▸ **Problem to solve**
Go line by line through the entries and show those that hold the string "distribution".

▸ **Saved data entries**

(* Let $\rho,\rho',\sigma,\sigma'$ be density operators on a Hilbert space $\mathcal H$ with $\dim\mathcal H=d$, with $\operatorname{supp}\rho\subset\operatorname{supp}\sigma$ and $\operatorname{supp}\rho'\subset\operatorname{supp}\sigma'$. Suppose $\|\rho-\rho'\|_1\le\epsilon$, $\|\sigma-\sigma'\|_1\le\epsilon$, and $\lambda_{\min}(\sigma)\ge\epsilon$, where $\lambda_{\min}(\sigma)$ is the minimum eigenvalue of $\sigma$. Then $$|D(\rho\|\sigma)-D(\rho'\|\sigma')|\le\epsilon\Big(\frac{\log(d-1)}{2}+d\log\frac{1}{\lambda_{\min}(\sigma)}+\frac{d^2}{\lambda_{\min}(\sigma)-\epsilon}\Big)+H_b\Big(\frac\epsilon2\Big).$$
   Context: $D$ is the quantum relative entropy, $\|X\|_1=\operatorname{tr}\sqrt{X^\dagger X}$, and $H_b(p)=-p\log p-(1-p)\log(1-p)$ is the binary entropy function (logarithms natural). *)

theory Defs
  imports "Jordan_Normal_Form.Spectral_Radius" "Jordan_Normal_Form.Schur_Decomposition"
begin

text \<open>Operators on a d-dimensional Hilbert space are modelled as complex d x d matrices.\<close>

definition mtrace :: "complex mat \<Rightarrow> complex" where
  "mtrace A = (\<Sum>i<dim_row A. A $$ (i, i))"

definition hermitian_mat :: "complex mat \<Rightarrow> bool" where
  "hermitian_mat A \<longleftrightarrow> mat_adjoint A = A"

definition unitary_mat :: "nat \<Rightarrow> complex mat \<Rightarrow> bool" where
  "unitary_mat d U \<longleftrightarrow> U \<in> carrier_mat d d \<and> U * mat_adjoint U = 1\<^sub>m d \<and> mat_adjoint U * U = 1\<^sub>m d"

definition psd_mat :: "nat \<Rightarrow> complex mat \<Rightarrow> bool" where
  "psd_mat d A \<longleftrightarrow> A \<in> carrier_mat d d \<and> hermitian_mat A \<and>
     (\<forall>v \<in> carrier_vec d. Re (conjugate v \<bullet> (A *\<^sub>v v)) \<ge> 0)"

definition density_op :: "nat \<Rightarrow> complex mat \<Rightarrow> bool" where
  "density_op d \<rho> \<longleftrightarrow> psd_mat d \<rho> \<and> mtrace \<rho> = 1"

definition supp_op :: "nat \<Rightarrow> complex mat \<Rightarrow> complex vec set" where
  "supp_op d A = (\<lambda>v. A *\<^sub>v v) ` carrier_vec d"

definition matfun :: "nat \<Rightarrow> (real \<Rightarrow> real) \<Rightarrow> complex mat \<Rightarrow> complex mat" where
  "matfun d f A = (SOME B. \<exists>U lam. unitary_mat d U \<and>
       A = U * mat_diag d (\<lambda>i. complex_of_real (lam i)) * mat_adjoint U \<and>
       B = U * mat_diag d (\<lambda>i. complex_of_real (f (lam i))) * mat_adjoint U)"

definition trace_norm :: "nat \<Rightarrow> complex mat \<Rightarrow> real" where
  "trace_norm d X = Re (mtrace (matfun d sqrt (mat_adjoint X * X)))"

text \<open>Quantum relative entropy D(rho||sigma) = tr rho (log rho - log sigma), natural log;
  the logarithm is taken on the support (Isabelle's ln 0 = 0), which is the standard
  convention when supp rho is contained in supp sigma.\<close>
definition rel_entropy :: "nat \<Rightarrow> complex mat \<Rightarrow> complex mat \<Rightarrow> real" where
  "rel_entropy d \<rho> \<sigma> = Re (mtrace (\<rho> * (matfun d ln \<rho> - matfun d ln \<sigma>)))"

...

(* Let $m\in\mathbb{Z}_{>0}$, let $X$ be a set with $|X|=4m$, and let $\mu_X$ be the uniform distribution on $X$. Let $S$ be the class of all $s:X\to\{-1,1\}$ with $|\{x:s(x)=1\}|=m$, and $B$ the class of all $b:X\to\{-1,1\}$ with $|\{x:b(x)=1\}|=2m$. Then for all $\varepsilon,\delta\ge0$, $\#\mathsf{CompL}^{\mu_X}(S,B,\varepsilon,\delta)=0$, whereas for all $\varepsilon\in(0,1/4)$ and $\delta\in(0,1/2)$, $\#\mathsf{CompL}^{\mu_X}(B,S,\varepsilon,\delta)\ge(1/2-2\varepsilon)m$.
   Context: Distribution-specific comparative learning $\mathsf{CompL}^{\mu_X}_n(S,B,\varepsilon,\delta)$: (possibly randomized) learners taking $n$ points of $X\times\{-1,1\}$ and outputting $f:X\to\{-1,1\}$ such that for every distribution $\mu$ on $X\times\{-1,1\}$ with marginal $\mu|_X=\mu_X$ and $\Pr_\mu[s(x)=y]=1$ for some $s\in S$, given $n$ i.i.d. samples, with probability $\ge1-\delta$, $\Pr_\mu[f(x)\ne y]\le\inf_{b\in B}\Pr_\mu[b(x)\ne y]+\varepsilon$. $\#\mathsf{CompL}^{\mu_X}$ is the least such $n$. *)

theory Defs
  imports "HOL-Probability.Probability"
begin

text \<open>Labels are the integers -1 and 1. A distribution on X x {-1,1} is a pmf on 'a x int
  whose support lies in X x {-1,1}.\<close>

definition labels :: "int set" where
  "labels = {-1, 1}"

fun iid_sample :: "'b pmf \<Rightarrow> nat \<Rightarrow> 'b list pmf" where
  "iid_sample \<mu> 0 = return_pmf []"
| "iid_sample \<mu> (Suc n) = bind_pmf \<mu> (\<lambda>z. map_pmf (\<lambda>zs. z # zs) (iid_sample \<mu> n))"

---

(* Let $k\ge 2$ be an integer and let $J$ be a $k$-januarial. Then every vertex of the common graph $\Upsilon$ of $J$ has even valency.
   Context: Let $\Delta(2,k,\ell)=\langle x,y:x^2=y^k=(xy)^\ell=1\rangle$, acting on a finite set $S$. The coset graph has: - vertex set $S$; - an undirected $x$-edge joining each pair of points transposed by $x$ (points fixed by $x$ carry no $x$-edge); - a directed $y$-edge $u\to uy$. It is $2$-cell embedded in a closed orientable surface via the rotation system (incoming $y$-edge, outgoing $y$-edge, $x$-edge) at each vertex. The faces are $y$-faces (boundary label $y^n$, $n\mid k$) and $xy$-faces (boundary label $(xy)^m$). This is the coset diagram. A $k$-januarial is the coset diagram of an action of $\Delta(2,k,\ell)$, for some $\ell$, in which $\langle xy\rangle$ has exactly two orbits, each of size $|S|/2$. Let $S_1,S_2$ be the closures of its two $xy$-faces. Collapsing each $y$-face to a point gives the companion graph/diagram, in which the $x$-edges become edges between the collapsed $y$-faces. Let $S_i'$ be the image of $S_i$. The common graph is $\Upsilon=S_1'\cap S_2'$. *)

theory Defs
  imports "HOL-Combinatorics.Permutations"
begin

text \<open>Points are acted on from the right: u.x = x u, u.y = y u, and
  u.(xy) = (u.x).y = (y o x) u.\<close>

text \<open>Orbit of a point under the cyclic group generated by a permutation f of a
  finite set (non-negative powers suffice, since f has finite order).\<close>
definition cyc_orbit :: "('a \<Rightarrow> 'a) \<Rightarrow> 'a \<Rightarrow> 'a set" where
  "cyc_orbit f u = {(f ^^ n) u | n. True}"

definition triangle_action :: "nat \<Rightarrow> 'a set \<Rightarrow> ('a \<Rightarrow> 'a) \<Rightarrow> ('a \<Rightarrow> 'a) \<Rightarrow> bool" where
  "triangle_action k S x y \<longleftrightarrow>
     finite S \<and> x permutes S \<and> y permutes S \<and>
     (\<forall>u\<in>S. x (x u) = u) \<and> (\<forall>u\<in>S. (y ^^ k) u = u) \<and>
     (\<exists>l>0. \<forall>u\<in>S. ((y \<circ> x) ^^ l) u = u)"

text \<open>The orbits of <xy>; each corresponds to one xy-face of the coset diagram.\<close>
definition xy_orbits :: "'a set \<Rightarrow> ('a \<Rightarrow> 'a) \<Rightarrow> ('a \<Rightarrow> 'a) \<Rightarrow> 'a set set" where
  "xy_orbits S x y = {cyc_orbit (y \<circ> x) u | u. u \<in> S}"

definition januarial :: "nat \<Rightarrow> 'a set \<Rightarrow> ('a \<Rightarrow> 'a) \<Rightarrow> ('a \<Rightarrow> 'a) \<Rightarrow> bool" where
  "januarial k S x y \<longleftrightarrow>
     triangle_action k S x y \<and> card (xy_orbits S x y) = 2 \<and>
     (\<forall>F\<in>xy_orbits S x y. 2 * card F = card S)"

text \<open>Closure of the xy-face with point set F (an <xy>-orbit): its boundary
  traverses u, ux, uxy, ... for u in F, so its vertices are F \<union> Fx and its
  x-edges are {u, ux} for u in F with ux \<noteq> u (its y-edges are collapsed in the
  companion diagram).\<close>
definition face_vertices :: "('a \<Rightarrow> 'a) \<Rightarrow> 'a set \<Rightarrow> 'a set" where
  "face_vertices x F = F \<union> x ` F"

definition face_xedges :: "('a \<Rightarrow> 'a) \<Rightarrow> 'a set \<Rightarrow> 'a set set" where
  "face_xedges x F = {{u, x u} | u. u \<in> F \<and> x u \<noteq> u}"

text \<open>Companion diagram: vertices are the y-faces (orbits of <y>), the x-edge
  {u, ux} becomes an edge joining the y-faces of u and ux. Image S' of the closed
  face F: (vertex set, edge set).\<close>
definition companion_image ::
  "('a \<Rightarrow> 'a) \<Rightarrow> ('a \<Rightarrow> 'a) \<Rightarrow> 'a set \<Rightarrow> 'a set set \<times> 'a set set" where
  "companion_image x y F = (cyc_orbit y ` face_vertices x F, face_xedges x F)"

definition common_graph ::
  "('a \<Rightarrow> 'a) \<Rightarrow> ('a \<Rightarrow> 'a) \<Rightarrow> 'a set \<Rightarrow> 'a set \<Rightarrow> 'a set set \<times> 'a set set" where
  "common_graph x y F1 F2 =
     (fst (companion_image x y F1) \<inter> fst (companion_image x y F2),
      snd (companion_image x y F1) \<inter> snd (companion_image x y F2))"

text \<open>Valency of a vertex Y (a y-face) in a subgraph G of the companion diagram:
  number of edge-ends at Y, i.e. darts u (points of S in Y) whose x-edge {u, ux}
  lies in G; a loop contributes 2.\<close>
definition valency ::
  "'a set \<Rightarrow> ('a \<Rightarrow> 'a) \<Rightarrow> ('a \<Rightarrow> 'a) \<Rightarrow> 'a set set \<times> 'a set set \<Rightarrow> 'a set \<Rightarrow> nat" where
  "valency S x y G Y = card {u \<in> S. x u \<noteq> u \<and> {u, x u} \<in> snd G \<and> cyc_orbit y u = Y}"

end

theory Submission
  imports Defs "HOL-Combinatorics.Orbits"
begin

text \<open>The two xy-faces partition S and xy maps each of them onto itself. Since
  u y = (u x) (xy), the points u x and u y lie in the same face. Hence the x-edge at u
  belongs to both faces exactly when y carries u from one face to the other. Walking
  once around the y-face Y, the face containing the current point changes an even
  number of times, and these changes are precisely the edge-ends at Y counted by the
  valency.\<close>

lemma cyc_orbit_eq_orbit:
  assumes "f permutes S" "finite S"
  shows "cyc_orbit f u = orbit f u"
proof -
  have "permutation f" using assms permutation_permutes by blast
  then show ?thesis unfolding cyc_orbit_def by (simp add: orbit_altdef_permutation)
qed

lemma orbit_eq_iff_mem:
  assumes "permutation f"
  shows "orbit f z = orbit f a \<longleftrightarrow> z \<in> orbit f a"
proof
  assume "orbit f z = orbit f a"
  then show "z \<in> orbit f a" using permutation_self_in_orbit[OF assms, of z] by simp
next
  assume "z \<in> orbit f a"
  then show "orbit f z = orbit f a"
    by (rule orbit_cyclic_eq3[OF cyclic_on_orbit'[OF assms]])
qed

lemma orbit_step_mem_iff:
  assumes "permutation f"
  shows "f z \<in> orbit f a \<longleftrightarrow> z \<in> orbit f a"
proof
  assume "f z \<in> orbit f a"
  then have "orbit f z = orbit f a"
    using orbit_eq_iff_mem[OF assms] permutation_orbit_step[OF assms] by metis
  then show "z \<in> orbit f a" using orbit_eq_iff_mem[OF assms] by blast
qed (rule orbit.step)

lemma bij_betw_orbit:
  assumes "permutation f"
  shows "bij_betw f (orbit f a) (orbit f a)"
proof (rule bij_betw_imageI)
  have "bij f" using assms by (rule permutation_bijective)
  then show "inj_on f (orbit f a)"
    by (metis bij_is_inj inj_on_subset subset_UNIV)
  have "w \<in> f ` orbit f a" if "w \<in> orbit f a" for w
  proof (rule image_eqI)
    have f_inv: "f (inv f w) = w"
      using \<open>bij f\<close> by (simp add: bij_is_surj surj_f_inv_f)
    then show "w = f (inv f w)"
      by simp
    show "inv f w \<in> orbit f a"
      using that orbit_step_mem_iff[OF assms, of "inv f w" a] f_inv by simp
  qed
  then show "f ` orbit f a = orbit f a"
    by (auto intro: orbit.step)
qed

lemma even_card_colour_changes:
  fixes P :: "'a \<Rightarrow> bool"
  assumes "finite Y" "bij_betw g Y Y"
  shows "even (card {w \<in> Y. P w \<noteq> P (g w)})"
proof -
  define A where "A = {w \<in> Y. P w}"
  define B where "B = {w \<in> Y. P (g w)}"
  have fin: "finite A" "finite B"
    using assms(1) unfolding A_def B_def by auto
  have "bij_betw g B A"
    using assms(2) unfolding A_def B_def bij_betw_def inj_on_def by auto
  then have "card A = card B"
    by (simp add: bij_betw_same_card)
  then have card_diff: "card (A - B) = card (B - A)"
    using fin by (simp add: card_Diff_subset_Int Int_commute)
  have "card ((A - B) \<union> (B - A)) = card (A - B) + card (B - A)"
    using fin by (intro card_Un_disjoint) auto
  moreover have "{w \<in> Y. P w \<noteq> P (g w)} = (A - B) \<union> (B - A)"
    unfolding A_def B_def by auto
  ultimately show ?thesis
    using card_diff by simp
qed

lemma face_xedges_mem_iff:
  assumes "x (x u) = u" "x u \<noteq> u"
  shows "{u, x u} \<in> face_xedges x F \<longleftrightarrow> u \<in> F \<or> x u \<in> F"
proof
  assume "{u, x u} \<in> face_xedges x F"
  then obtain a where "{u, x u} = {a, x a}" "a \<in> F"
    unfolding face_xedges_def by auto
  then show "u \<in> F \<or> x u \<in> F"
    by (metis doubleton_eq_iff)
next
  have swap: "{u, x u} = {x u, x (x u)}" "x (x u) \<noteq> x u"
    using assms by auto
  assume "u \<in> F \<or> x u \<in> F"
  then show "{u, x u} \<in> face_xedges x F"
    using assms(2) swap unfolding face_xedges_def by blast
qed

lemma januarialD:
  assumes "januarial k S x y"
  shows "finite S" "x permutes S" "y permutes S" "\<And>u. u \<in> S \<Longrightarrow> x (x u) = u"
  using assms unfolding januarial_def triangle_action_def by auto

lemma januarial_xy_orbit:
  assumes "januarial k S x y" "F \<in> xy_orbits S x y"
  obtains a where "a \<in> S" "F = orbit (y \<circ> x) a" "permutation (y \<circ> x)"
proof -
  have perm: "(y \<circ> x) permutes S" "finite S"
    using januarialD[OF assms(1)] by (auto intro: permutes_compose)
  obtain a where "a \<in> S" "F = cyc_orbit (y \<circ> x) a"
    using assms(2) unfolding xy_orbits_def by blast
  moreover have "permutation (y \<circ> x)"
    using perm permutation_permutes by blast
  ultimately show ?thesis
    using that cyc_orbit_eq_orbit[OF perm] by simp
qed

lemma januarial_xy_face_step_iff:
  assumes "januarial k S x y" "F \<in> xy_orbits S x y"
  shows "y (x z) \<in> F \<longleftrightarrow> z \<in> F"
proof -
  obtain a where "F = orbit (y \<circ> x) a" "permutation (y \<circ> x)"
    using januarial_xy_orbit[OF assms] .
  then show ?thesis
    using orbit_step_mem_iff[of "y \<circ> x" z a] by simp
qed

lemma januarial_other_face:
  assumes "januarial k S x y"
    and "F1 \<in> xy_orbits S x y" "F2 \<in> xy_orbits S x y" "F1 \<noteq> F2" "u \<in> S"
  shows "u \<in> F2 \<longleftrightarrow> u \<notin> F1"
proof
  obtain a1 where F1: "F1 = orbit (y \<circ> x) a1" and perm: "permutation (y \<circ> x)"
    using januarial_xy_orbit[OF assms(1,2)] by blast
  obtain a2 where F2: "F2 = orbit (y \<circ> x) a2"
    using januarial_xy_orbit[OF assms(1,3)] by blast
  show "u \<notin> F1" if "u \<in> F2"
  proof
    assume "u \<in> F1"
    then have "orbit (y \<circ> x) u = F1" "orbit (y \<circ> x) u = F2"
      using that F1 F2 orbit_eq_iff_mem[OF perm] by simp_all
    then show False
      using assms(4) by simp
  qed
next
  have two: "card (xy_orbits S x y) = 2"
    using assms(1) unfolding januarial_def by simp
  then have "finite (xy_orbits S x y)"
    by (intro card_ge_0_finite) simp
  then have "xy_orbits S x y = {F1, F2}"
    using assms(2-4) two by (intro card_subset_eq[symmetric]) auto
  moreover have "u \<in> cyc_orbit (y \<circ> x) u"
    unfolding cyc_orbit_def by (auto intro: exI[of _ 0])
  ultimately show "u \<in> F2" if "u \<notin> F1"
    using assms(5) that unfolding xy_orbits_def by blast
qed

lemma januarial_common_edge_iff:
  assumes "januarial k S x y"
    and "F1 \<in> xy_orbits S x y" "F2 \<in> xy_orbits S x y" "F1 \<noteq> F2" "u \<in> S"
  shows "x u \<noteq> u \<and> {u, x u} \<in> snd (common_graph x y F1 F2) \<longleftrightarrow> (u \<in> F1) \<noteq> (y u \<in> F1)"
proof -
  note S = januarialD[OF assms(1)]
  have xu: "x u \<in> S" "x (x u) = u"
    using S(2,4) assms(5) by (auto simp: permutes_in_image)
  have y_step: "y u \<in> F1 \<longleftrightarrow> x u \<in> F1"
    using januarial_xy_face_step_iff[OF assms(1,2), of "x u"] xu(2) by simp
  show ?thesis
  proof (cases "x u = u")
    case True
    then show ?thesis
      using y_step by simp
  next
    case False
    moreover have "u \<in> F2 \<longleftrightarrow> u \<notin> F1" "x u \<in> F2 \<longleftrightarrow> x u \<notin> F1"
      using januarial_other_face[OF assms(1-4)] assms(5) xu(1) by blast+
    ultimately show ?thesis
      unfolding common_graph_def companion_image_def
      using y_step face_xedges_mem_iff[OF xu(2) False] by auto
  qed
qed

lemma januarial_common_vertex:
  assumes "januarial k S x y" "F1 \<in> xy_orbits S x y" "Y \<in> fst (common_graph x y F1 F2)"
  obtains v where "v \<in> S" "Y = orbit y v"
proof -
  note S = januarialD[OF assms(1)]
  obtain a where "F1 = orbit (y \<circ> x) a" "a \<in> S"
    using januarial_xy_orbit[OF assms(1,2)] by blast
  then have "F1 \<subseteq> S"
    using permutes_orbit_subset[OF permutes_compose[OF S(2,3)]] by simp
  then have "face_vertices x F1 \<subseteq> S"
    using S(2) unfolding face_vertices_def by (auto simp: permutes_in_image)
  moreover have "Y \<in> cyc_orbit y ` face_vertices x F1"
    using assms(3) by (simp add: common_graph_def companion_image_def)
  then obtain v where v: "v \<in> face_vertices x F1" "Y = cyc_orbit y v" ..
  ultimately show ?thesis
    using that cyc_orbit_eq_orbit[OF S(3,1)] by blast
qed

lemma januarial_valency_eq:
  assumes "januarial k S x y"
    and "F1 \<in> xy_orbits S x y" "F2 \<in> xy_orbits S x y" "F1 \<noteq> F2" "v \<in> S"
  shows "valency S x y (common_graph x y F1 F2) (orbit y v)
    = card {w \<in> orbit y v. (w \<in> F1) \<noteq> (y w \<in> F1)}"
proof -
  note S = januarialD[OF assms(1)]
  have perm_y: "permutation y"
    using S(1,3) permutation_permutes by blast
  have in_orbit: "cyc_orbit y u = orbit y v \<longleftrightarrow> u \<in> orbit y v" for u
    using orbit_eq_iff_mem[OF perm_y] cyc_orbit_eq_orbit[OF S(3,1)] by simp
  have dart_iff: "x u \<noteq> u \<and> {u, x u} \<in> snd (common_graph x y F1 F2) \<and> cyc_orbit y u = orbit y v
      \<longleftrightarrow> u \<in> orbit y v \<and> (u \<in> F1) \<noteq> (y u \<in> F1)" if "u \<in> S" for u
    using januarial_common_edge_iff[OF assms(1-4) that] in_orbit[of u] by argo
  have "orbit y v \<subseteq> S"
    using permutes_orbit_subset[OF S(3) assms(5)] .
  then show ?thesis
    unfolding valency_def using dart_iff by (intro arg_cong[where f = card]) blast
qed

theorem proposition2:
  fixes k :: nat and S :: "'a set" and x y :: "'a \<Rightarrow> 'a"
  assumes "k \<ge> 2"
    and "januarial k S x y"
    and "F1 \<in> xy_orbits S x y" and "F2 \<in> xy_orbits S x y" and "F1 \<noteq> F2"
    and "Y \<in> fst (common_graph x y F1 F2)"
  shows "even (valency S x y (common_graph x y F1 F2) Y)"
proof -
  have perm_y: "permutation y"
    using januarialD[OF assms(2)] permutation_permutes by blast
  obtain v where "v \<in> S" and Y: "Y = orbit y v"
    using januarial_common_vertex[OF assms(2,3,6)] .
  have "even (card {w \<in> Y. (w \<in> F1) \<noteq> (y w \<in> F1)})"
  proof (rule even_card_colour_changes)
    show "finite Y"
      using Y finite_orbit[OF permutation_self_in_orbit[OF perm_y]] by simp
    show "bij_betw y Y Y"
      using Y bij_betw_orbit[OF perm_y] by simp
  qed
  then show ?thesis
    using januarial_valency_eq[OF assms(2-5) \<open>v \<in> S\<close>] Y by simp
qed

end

▸ **Output**
(* Let $m\in\mathbb{Z}_{>0}$, let $X$ be a set with $|X|=4m$, and let $\mu_X$ be the uniform distribution on $X$. Let $S$ be the class of all $s:X\to\{-1,1\}$ with $|\{x:s(x)=1\}|=m$, and $B$ the class of all $b:X\to\{-1,1\}$ with $|\{x:b(x)=1\}|=2m$. Then for all $\varepsilon,\delta\ge0$, $\#\mathsf{CompL}^{\mu_X}(S,B,\varepsilon,\delta)=0$, whereas for all $\varepsilon\in(0,1/4)$ and $\delta\in(0,1/2)$, $\#\mathsf{CompL}^{\mu_X}(B,S,\varepsilon,\delta)\ge(1/2-2\varepsilon)m$.
   Context: Distribution-specific comparative learning $\mathsf{CompL}^{\mu_X}_n(S,B,\varepsilon,\delta)$: (possibly randomized) learners taking $n$ points of $X\times\{-1,1\}$ and outputting $f:X\to\{-1,1\}$ such that for every distribution $\mu$ on $X\times\{-1,1\}$ with marginal $\mu|_X=\mu_X$ and $\Pr_\mu[s(x)=y]=1$ for some $s\in S$, given $n$ i.i.d. samples, with probability $\ge1-\delta$, $\Pr_\mu[f(x)\ne y]\le\inf_{b\in B}\Pr_\mu[b(x)\ne y]+\varepsilon$. $\#\mathsf{CompL}^{\mu_X}$ is the least such $n$. *)
text \<open>Labels are the integers -1 and 1. A distribution on X x {-1,1} is a pmf on 'a x int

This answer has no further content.